(* Let $G$ be a group, $\mathcal{O}$ a conjugacy class of $G$, and $H$ a subgroup of $G$ such that $\mathcal{O}$ contains two distinct conjugacy classes $\mathcal{O}_1,\mathcal{O}_2$ of $H$. Assume there exist $r\in\mathcal{O}_1$ and $s\in\mathcal{O}_2$ such that $(rs)^2$ does not belong to the centralizer of $r$ in $G$. Then $\mathcal{O}$ is of type D.
   Context: A conjugacy class $\mathcal{O}$ of a group (regarded as a rack with $x\triangleright y=xyx^{-1}$) is of type D iff there exist $r,s\in\mathcal{O}$ with $(rs)^2\neq(sr)^2$ such that $r$ and $s$ are not conjugate in the subgroup $\langle r,s\rangle$. (In rack terms: a rack is of type D if it contains a subrack that is a disjoint union $R\sqcup S$ of two subracks with $r\triangleright(s\triangleright(r\triangleright s))\neq s$ for some $r\in R$, $s\in S$.) *)

theory Defs
  imports "HOL-Algebra.Algebra"
begin

text \<open>Conjugacy class of x under conjugation by elements of K (K = carrier G gives the
conjugacy class in G; K = H a subgroup and x in H gives the conjugacy class in H).\<close>
definition conj_class_in :: "('a, 'b) monoid_scheme \<Rightarrow> 'a set \<Rightarrow> 'a \<Rightarrow> 'a set" where
  "conj_class_in G K x = {g \<otimes>\<^bsub>G\<^esub> x \<otimes>\<^bsub>G\<^esub> inv\<^bsub>G\<^esub> g | g. g \<in> K}"

definition is_conj_class :: "('a, 'b) monoid_scheme \<Rightarrow> 'a set \<Rightarrow> 'a set \<Rightarrow> bool" where
  "is_conj_class G K C \<longleftrightarrow> (\<exists>x\<in>K. C = conj_class_in G K x)"

definition centralizer :: "('a, 'b) monoid_scheme \<Rightarrow> 'a \<Rightarrow> 'a set" where
  "centralizer G x = {g \<in> carrier G. g \<otimes>\<^bsub>G\<^esub> x = x \<otimes>\<^bsub>G\<^esub> g}"

definition type_D :: "('a, 'b) monoid_scheme \<Rightarrow> 'a set \<Rightarrow> bool" where
  "type_D G Cl \<longleftrightarrow> (\<exists>r\<in>Cl. \<exists>s\<in>Cl.
      (r \<otimes>\<^bsub>G\<^esub> s) [^]\<^bsub>G\<^esub> (2::nat) \<noteq> (s \<otimes>\<^bsub>G\<^esub> r) [^]\<^bsub>G\<^esub> (2::nat) \<and>
      \<not> (\<exists>g \<in> generate G {r, s}. g \<otimes>\<^bsub>G\<^esub> r \<otimes>\<^bsub>G\<^esub> inv\<^bsub>G\<^esub> g = s))"

end

theory Submission
  imports Defs
begin

text \<open>Two elements of the same \<open>G\<close>-class lying in different \<open>H\<close>-classes cannot be conjugate in
  \<open>\<langle>r, s\<rangle> \<subseteq> H\<close>; and \<open>r (sr)\<^sup>2 = (rs)\<^sup>2 r\<close> turns \<open>(rs)\<^sup>2 = (sr)\<^sup>2\<close> into \<open>(rs)\<^sup>2\<close> centralizing \<open>r\<close>.\<close>

lemma (in group) conj_class_in_subset:
  assumes "subgroup H G" "x \<in> H"
  shows "conj_class_in G H x \<subseteq> H"
  using assms unfolding conj_class_in_def
  by (auto intro!: subgroup.m_closed subgroup.m_inv_closed)

lemma (in group) conj_class_in_trans:
  assumes "subgroup H G" "x \<in> H" "y \<in> conj_class_in G H x" "z \<in> conj_class_in G H y"
  shows "z \<in> conj_class_in G H x"
proof -
  have HG: "H \<subseteq> carrier G" using assms(1) subgroup.subset by blast
  obtain h where h: "h \<in> H" "y = h \<otimes> x \<otimes> inv h"
    using assms(3) unfolding conj_class_in_def by blast
  obtain k where k: "k \<in> H" "z = k \<otimes> y \<otimes> inv k"
    using assms(4) unfolding conj_class_in_def by blast
  have "h \<in> carrier G" "k \<in> carrier G" "x \<in> carrier G" using h k HG assms(2) by auto
  then have "z = (k \<otimes> h) \<otimes> x \<otimes> inv (k \<otimes> h)"
    using h k by (simp add: inv_mult_group m_assoc)
  moreover have "k \<otimes> h \<in> H" using h k assms(1) by (simp add: subgroup.m_closed)
  ultimately show ?thesis unfolding conj_class_in_def by blast
qed

lemma (in group) conj_class_in_sym:
  assumes "subgroup H G" "x \<in> H" "y \<in> conj_class_in G H x"
  shows "x \<in> conj_class_in G H y"
proof -
  have HG: "H \<subseteq> carrier G" using assms(1) subgroup.subset by blast
  obtain h where h: "h \<in> H" "y = h \<otimes> x \<otimes> inv h"
    using assms(3) unfolding conj_class_in_def by blast
  then have hx: "h \<in> carrier G" "x \<in> carrier G" using HG assms(2) by auto
  have "inv h \<otimes> y \<otimes> inv (inv h) = x"
    using h(2) hx by (simp add: m_assoc inv_solve_left')
  moreover have "inv h \<in> H" using h(1) assms(1) by (simp add: subgroup.m_inv_closed)
  ultimately show ?thesis unfolding conj_class_in_def by blast
qed

lemma (in group) conj_class_in_eq:
  assumes "subgroup H G" "x \<in> H" "y \<in> conj_class_in G H x"
  shows "conj_class_in G H y = conj_class_in G H x"
proof -
  have "y \<in> H" using assms conj_class_in_subset by blast
  then show ?thesis
    using assms conj_class_in_trans conj_class_in_sym by blast
qed

lemma (in group) is_conj_class_member:
  assumes "subgroup H G" "is_conj_class G H C" "r \<in> C"
  shows "r \<in> H" and "C = conj_class_in G H r"
proof -
  obtain x where x: "x \<in> H" "C = conj_class_in G H x"
    using assms(2) unfolding is_conj_class_def by blast
  show "r \<in> H" using x assms(1,3) conj_class_in_subset by blast
  show "C = conj_class_in G H r" using x assms(1,3) conj_class_in_eq by simp
qed

lemma (in group) not_conj_in_generate:
  assumes "subgroup H G" "r \<in> H" "s \<in> H" "s \<notin> conj_class_in G H r"
  shows "\<not> (\<exists>g \<in> generate G {r, s}. g \<otimes> r \<otimes> inv g = s)"
proof -
  have "generate G {r, s} \<subseteq> H"
    using assms(1-3) by (intro generate_subgroup_incl) auto
  then show ?thesis using assms(4) unfolding conj_class_in_def by blast
qed

lemma (in group) mult_pow_swap:
  assumes "r \<in> carrier G" "s \<in> carrier G"
  shows "r \<otimes> (s \<otimes> r) [^] (n::nat) = (r \<otimes> s) [^] n \<otimes> r"
proof (induction n)
  case 0
  then show ?case using assms by simp
next
  case (Suc n)
  have "r \<otimes> (s \<otimes> r) [^] Suc n = (r \<otimes> (s \<otimes> r) [^] n) \<otimes> (s \<otimes> r)"
    using assms by (simp add: m_assoc)
  also have "\<dots> = (r \<otimes> s) [^] Suc n \<otimes> r"
    using assms by (simp add: Suc m_assoc)
  finally show ?case .
qed

lemma (in group) pow_eq_swap_in_centralizer:
  assumes "r \<in> carrier G" "s \<in> carrier G" "(r \<otimes> s) [^] (n::nat) = (s \<otimes> r) [^] n"
  shows "(r \<otimes> s) [^] n \<in> centralizer G r"
  using assms mult_pow_swap[of r s n] unfolding centralizer_def by simp

theorem lemma2p5:
  fixes G (structure) and Cl Cl1 Cl2 H :: "'a set" and r s :: 'a
  assumes "group G"
    and "is_conj_class G (carrier G) Cl"
    and "subgroup H G"
    and "is_conj_class G H Cl1" and "is_conj_class G H Cl2"
    and "Cl1 \<subseteq> Cl" and "Cl2 \<subseteq> Cl" and "Cl1 \<noteq> Cl2"
    and "r \<in> Cl1" and "s \<in> Cl2"
    and "(r \<otimes> s) [^] (2::nat) \<notin> centralizer G r"
  shows "type_D G Cl"
proof -
  interpret group G by fact
  have rH: "r \<in> H" and Cl1: "Cl1 = conj_class_in G H r"
    using is_conj_class_member assms(3,4,9) by blast+
  have sH: "s \<in> H" and Cl2: "Cl2 = conj_class_in G H s"
    using is_conj_class_member assms(3,5,10) by blast+
  have "s \<notin> conj_class_in G H r"
    using conj_class_in_eq[OF assms(3) rH] Cl1 Cl2 assms(8) by blast
  then have not_conj: "\<not> (\<exists>g \<in> generate G {r, s}. g \<otimes> r \<otimes> inv g = s)"
    using not_conj_in_generate assms(3) rH sH by blast
  have "r \<in> carrier G" "s \<in> carrier G"
    using rH sH subgroup.mem_carrier[OF assms(3)] by auto
  then have "(r \<otimes> s) [^] (2::nat) \<noteq> (s \<otimes> r) [^] (2::nat)"
    using pow_eq_swap_in_centralizer assms(11) by blast
  then show ?thesis
    unfolding type_D_def using not_conj assms(6,7,9,10) by blast
qed

end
====================
• [Problem details] Filter the records above for the string "subseteq" and copy each matching line.

• [Solution for this exercise]
  \<open>\<langle>r, s\<rangle> \<subseteq> H\<close>; and \<open>r (sr)\<^sup>2 = (rs)\<^sup>2 r\<close> turns \<open>(rs)\<^sup>2 = (sr)\<^sup>2\<close> into \<open>(rs)\<^sup>2\<close> centralizing \<open>r\<close>.\<close>
  shows "conj_class_in G H x \<subseteq> H"
  have HG: "H \<subseteq> carrier G" using assms(1) subgroup.subset by blast
  have HG: "H \<subseteq> carrier G" using assms(1) subgroup.subset by blast
  have "generate G {r, s} \<subseteq> H"
    and "Cl1 \<subseteq> Cl" and "Cl2 \<subseteq> Cl" and "Cl1 \<noteq> Cl2"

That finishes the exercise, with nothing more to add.